11. Reinstall Device Drivers
You’ve gone through lots of quick fixes. If your mouse still keeps freezing, it’s now time to rule out corruption issues with any mouse drivers by reinstalling them.
To do that, open the Device Manager, expand Mice and other pointing devices, right-click HID-compliant mouse, and select Uninstall device. Then, repeat for all instances of HID-compliant mice.
Follow that by restarting your computer, and Windows should reinstall the mouse drivers automatically.
It’s also a good idea to follow up by installing any support software or dedicated drivers for your mouse from the manufacturer’s website.
12. Disable Enhance Pointer Precision
Windows 10 features a setting called Enhance Pointer Precision that acts as a form of mouse acceleration. But it can produce inconsistent behavior with specific mice types, so you should try disabling it.
To do that, press Windows + I to open the Settings app. Then, select Devices > Mouse > Additional mouse options. Under the Pointer Options tab, uncheck the box next to Enhance pointer precision and select Apply to save your changes.
13. Update Hardware Drivers
Obsolete or buggy display drivers can result in significant performance issues and cause the mouse to freeze.
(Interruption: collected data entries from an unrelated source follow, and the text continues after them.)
text \<open>Triple tensor products: trilinearity plus balancing F12 between legs 1,2 and F23 between legs 2,3.\<close>

definition bil3 :: "('a::calg \<times> 'a \<times> 'a \<Rightarrow> complex) set" where
  "bil3 =
    {(\<lambda>p. delta (a + a', b, e) p - delta (a, b, e) p - delta (a', b, e) p) | a a' b e. True} \<union>
    {(\<lambda>p. delta (a, b + b', e) p - delta (a, b, e) p - delta (a, b', e) p) | a b b' e. True} \<union>
    {(\<lambda>p. delta (a, b, e + e') p - delta (a, b, e) p - delta (a, b, e') p) | a b e e'. True} \<union>
    {(\<lambda>p. delta (csc c a, b, e) p - c * delta (a, b, e) p) | c a b e. True} \<union>
    {(\<lambda>p. delta (a, csc c b, e) p - c * delta (a, b, e) p) | c a b e. True} \<union>
    {(\<lambda>p. delta (a, b, csc c e) p - c * delta (a, b, e) p) | c a b e. True}"

definition brel3 :: "(('a \<Rightarrow> 'a) \<times> ('a \<Rightarrow> 'a)) set \<Rightarrow> (('a \<Rightarrow> 'a) \<times> ('a \<Rightarrow> 'a)) set
    \<Rightarrow> ('a \<times> 'a \<times> 'a \<Rightarrow> complex) set" where
  "brel3 F12 F23 =
    {(\<lambda>p. delta (f a, b, e) p - delta (a, g b, e) p) | f g a b e. (f, g) \<in> F12} \<union>
    {(\<lambda>p. delta (a, f b, e) p - delta (a, b, g e) p) | f g a b e. (f, g) \<in> F23}"

definition teq3 :: "(('a::calg \<Rightarrow> 'a) \<times> ('a \<Rightarrow> 'a)) set \<Rightarrow> (('a \<Rightarrow> 'a) \<times> ('a \<Rightarrow> 'a)) set
    \<Rightarrow> ('a \<times> 'a \<times> 'a) list \<Rightarrow> ('a \<times> 'a \<times> 'a) list \<Rightarrow> bool" where
  "teq3 F12 F23 w v \<longleftrightarrow> (\<lambda>p. fv w p - fv v p) \<in> cspan (bil3 \<union> brel3 F12 F23)"

definition rt1 :: "('a::calg \<times> 'a) list \<Rightarrow> 'a \<Rightarrow> ('a \<times> 'a) list" where
  "rt1 w a = map (\<lambda>(p, q). (p * a, q)) w"
definition rt2 :: "('a::calg \<times> 'a) list \<Rightarrow> 'a \<Rightarrow> ('a \<times> 'a) list" where
  "rt2 w b = map (\<lambda>(p, q). (p, q * b)) w"
definition lt1 :: "'a::calg \<Rightarrow> ('a \<times> 'a) list \<Rightarrow> ('a \<times> 'a) list" where
  "lt1 a w = map (\<lambda>(p, q). (a * p, q)) w"
definition lt2 :: "'a::calg \<Rightarrow> ('a \<times> 'a) list \<Rightarrow> ('a \<times> 'a) list" where
  "lt2 b w = map (\<lambda>(p, q). (p, b * q)) w"
definition mlt2 :: "'a mlt \<Rightarrow> 'a mlt \<Rightarrow> ('a \<times> 'a) list \<Rightarrow> ('a \<times> 'a) list" where
  "mlt2 y x w = map (\<lambda>(p, q). (lact y p, lact x q)) w"
definition mrt2 :: "('a \<times> 'a) list \<Rightarrow> 'a mlt \<Rightarrow> 'a mlt \<Rightarrow> ('a \<times> 'a) list" where
  "mrt2 w y x = map (\<lambda>(p, q). (ract p y, ract q x)) w"
definition tsc :: "complex \<Rightarrow> ('a::calg \<times> 'a) list \<Rightarrow> ('a \<times> 'a) list" where
  "tsc c w = map (\<lambda>(p, q). (csc c p, q)) w"
definition star2 :: "('a \<Rightarrow> 'a) \<Rightarrow> ('a \<times> 'a) list \<Rightarrow> ('a \<times> 'a) list" where
  "star2 st w = map (\<lambda>(p, q). (st p, st q)) w"

definition leg1 :: "('a \<Rightarrow> ('a \<times> 'a) list) \<Rightarrow> ('a \<times> 'a) list \<Rightarrow> ('a \<times> 'a \<times> 'a) list" where
  "leg1 f w = concat (map (\<lambda>(p, q). map (\<lambda>(r, s). (r, s, q)) (f p)) w)"
definition leg2 :: "('a \<Rightarrow> ('a \<times> 'a) list) \<Rightarrow> ('a \<times> 'a) list \<Rightarrow> ('a \<times> 'a \<times> 'a) list" where
  "leg2 f w = concat (map (\<lambda>(p, q). map (\<lambda>(r, s). (p, r, s)) (f q)) w)"

section \<open>Multiplier bialgebroids\<close>

text \<open>Db a is the endomorphism Delta_B(a) of _B A \<otimes> A^B acting on representatives;
  Dc a w is w Delta_C(a) (right action on ^C A \<otimes> A_C).\<close>

type_synonym 'a cop = "'a \<Rightarrow> ('a \<times> 'a) list \<Rightarrow> ('a \<times> 'a) list"

text \<open>Delta_B(b)(a \<otimes> 1), Delta_B(b)(1 \<otimes> c), (a \<otimes> 1)Delta_C(b), (1 \<otimes> c)Delta_C(b).\<close>

definition lB :: "'a::calg mlt set \<Rightarrow> ('a mlt \<Rightarrow> 'a mlt) \<Rightarrow> 'a cop \<Rightarrow> 'a \<Rightarrow> 'a \<Rightarrow> ('a \<times> 'a) list" where
  "lB B SB Db b a = (SOME u. \<forall>d. teq2 (fBB B SB) (Db b [(a, d)]) (rt2 u d))"
definition rB :: "'a::calg mlt set \<Rightarrow> ('a mlt \<Rightarrow> 'a mlt) \<Rightarrow> 'a cop \<Rightarrow> 'a \<Rightarrow> 'a \<Rightarrow> ('a \<times> 'a) list" where
  "rB B SB Db b c = (SOME u. \<forall>a. teq2 (fBB B SB) (Db b [(a, c)]) (rt1 u a))"
definition lC :: "'a::calg mlt set \<Rightarrow> ('a mlt \<Rightarrow> 'a mlt) \<Rightarrow> 'a cop \<Rightarrow> 'a \<Rightarrow> 'a \<Rightarrow> ('a \<times> 'a) list" where
  "lC C SC Dc b a = (SOME u. \<forall>d. teq2 (fCC C SC) (Dc b [(a, d)]) (lt2 d u))"
definition rC :: "'a::calg mlt set \<Rightarrow> ('a mlt \<Rightarrow> 'a mlt) \<Rightarrow> 'a cop \<Rightarrow> 'a \<Rightarrow> 'a \<Rightarrow> ('a \<times> 'a) list" where
  "rC C SC Dc b c = (SOME u. \<forall>a. teq2 (fCC C SC) (Dc b [(a, c)]) (lt1 a u))"
(* Let $d\ge 2$ and let $s$ be a zero-mean complex random variable and ${\bf z}$ a zero-mean complex random vector of dimension $d-1$, with $s$ and ${\bf z}$ mutually independent, both circular (i.e. ${\rm E}[s^2]=0$ and ${\rm E}[{\bf z}{\bf z}^T]={\bf 0}$), with densities $p_s$, $p_{\bf z}$ satisfying the standard regularity conditions (smooth, all expectations below finite, boundary terms in integration by parts vanish). Consider $N$ i.i.d. observations of ${\bf x}={\bf A}{\bf v}$, ${\bf v}=[s;{\bf z}]$, where $$ {\bf A}=\begin{pmatrix}1 & {\bf h}^H\\ {\bf g} & {\bf g}{\bf h}^H-{\bf I}_{d-1}\end{pmatrix},\qquad {\bf A}^{-1}=\begin{pmatrix}{\bf w}^H\\ {\bf B}\end{pmatrix}=\begin{pmatrix}1-{\bf h}^H{\bf g} & {\bf h}^H\\ {\bf g} & -{\bf I}_{d-1}\end{pmatrix}, $$ with unknown parameters ${\bf h},{\bf g}\in\mathbb{C}^{d-1}$, so that the per-sample log-likelihood is $\mathcal{L}({\bf h},{\bf g}|{\bf x})=\log p_s({\bf w}^H{\bf x})+\log p_{\bf z}({\bf B}{\bf x})$. Let the true parameter value satisfy ${\bf h}={\bf 0}$ (with ${\bf g}$ arbitrary) and assume the complex Fisher information matrix of $({\bf h},{\bf g})$ is nonsingular. Then the Cramér–Rao lower bound for ${\bf h}$ (the block of the inverse Fisher information matrix of the $N$ samples corresponding to ${\bf h}$) equals $$ \mathtt{CRLB}({\bf h})=\frac{1}{N}\left(\kappa_s{\bf C}_{\bf z}-\frac{1}{\sigma_s^2}\boldsymbol{\kappa}_{\bf z}^{-1}\right)^{-1}, $$ and the Cramér–Rao-induced bound on the interference-to-signal ratio satisfies $$ \frac{1}{\sigma_s^2}\,\mathrm{tr}\bigl({\bf C}_{\bf z}\,\mathtt{CRLB}({\bf h})\bigr)=\frac{1}{N}\sum_{j=2}^{d}\frac{\omega_j}{\sigma_s^2\kappa_s\omega_j-1}, $$ where $\omega_2,\dots,\omega_d$ are the eigenvalues of the positive definite matrix ${\bf C}_{\bf z}^{1/2}\boldsymbol{\kappa}_{\bf z}{\bf C}_{\bf z}^{1/2}$.
   Context: Derivatives are Wirtinger derivatives. Score functions: $\psi_s(s)=-\partial \ln p_s(s,s^* )/\partial s^*$ and $\boldsymbol{\psi}_{\bf z}({\bf z})=-\partial \ln p_{\bf z}({\bf z},{\bf z}^* )/\partial {\bf z}^*$. Notation: $\kappa_s={\rm E}[|\psi_s(s)|^2]$, $\sigma_s^2={\rm E}[|s|^2]$, $\boldsymbol{\kappa}_{\bf z}={\rm E}[\boldsymbol{\psi}_{\bf z}({\bf z})\boldsymbol{\psi}_{\bf z}({\bf z})^H]$, ${\bf C}_{\bf z}={\rm E}[{\bf z}{\bf z}^H]$ (assumed nonsingular), ${\bf C}_{\bf z}^{1/2}$ its Hermitian positive definite square root. For complex parameter vector $\boldsymbol\theta$, the (per-sample) Fisher information matrix is $\mathcal{J}=\begin{pmatrix}{\bf F}&{\bf P}\\{\bf P}^*&{\bf F}^*\end{pmatrix}$ with ${\bf F}={\rm E}[\frac{\partial\mathcal{L}}{\partial\boldsymbol\theta^*}(\frac{\partial\mathcal{L}}{\partial\boldsymbol\theta^*})^H]$, ${\bf P}={\rm E}[\frac{\partial\mathcal{L}}{\partial\boldsymbol\theta^*}(\frac{\partial\mathcal{L}}{\partial\boldsymbol\theta^*})^T]$; for $N$ i.i.d. samples it is $N\mathcal{J}$, and the CRLB is its inverse. *)

theory Defs
  imports "HOL-Analysis.Analysis" "HOL-Computational_Algebra.Polynomial"
begin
You try fixing that by obtaining the latest drivers from the device manufacturer’s website—NVIDIA, AMD, Intel, etc.
Additionally, you must apply any other hardware-related driver updates to resolve conflicts between the various devices on your PC. The fastest way to do that is by using a driver updater tool.
14. Update Windows 10
Updating Windows 10 can resolve known bugs and driver incompatibilities preventing your mouse from working correctly.
So if you haven’t updated the operating system in a while, open the Settings app and go to Update & Security > Windows Update. Then, select Check for Updates and follow that by selecting Download and install.
15. Scan for Malware
Computer viruses and malicious software usually result in severe performance issues and erratic cursor behavior. You can use Windows 10’s built-in Windows Security applet to perform a scan of your computer for trojans, worms, keyloggers, etc.
16. Disable Fast Startup
Windows 10 uses a feature called Fast Startup to improve boot times by saving the system state whenever you perform a shutdown. However, that can also result in weird glitches and anomalies on different PC builds. So try disabling it.
To do that, press Windows + X and select Power Options > Additional power settings > Choose what the power button does. Follow that by unchecking the box next to Turn on fast startup (recommended).
17. Run SFC Scan
Running the System File Checker helps fix severe stability issues in Windows 10. If your mouse freezes completely, you should try running it.
To do that, press Windows + X, select Windows PowerShell (Admin) and run the command below.
Note: If you have trouble interacting with the operating system, try running an SFC scan after booting Windows 10 in Safe Mode.
18. Run DISM Scan
It’s generally best practice to follow an SFC scan by running the Deployment Image Servicing and Management Tool (DISM). That should help fix additional stability issues in Windows 10. Run three commands below in an elevated Windows PowerShell console:
DISM /Online /Cleanup-Image /CheckHealth
DISM /Online /Cleanup-Image /ScanHealth
DISM /Online /Cleanup-Image /RestoreHealth
No More Weird Pauses and Freezes
The pointers above should’ve helped you fix issues with your mouse freezing in Windows 10. But if none of them helped, you must check if the same thing occurs after connecting it to another PC.
If it does, it’s safe to assume that you’re dealing with a defective mouse. So send it back for a replacement or treat yourself to a new mouse.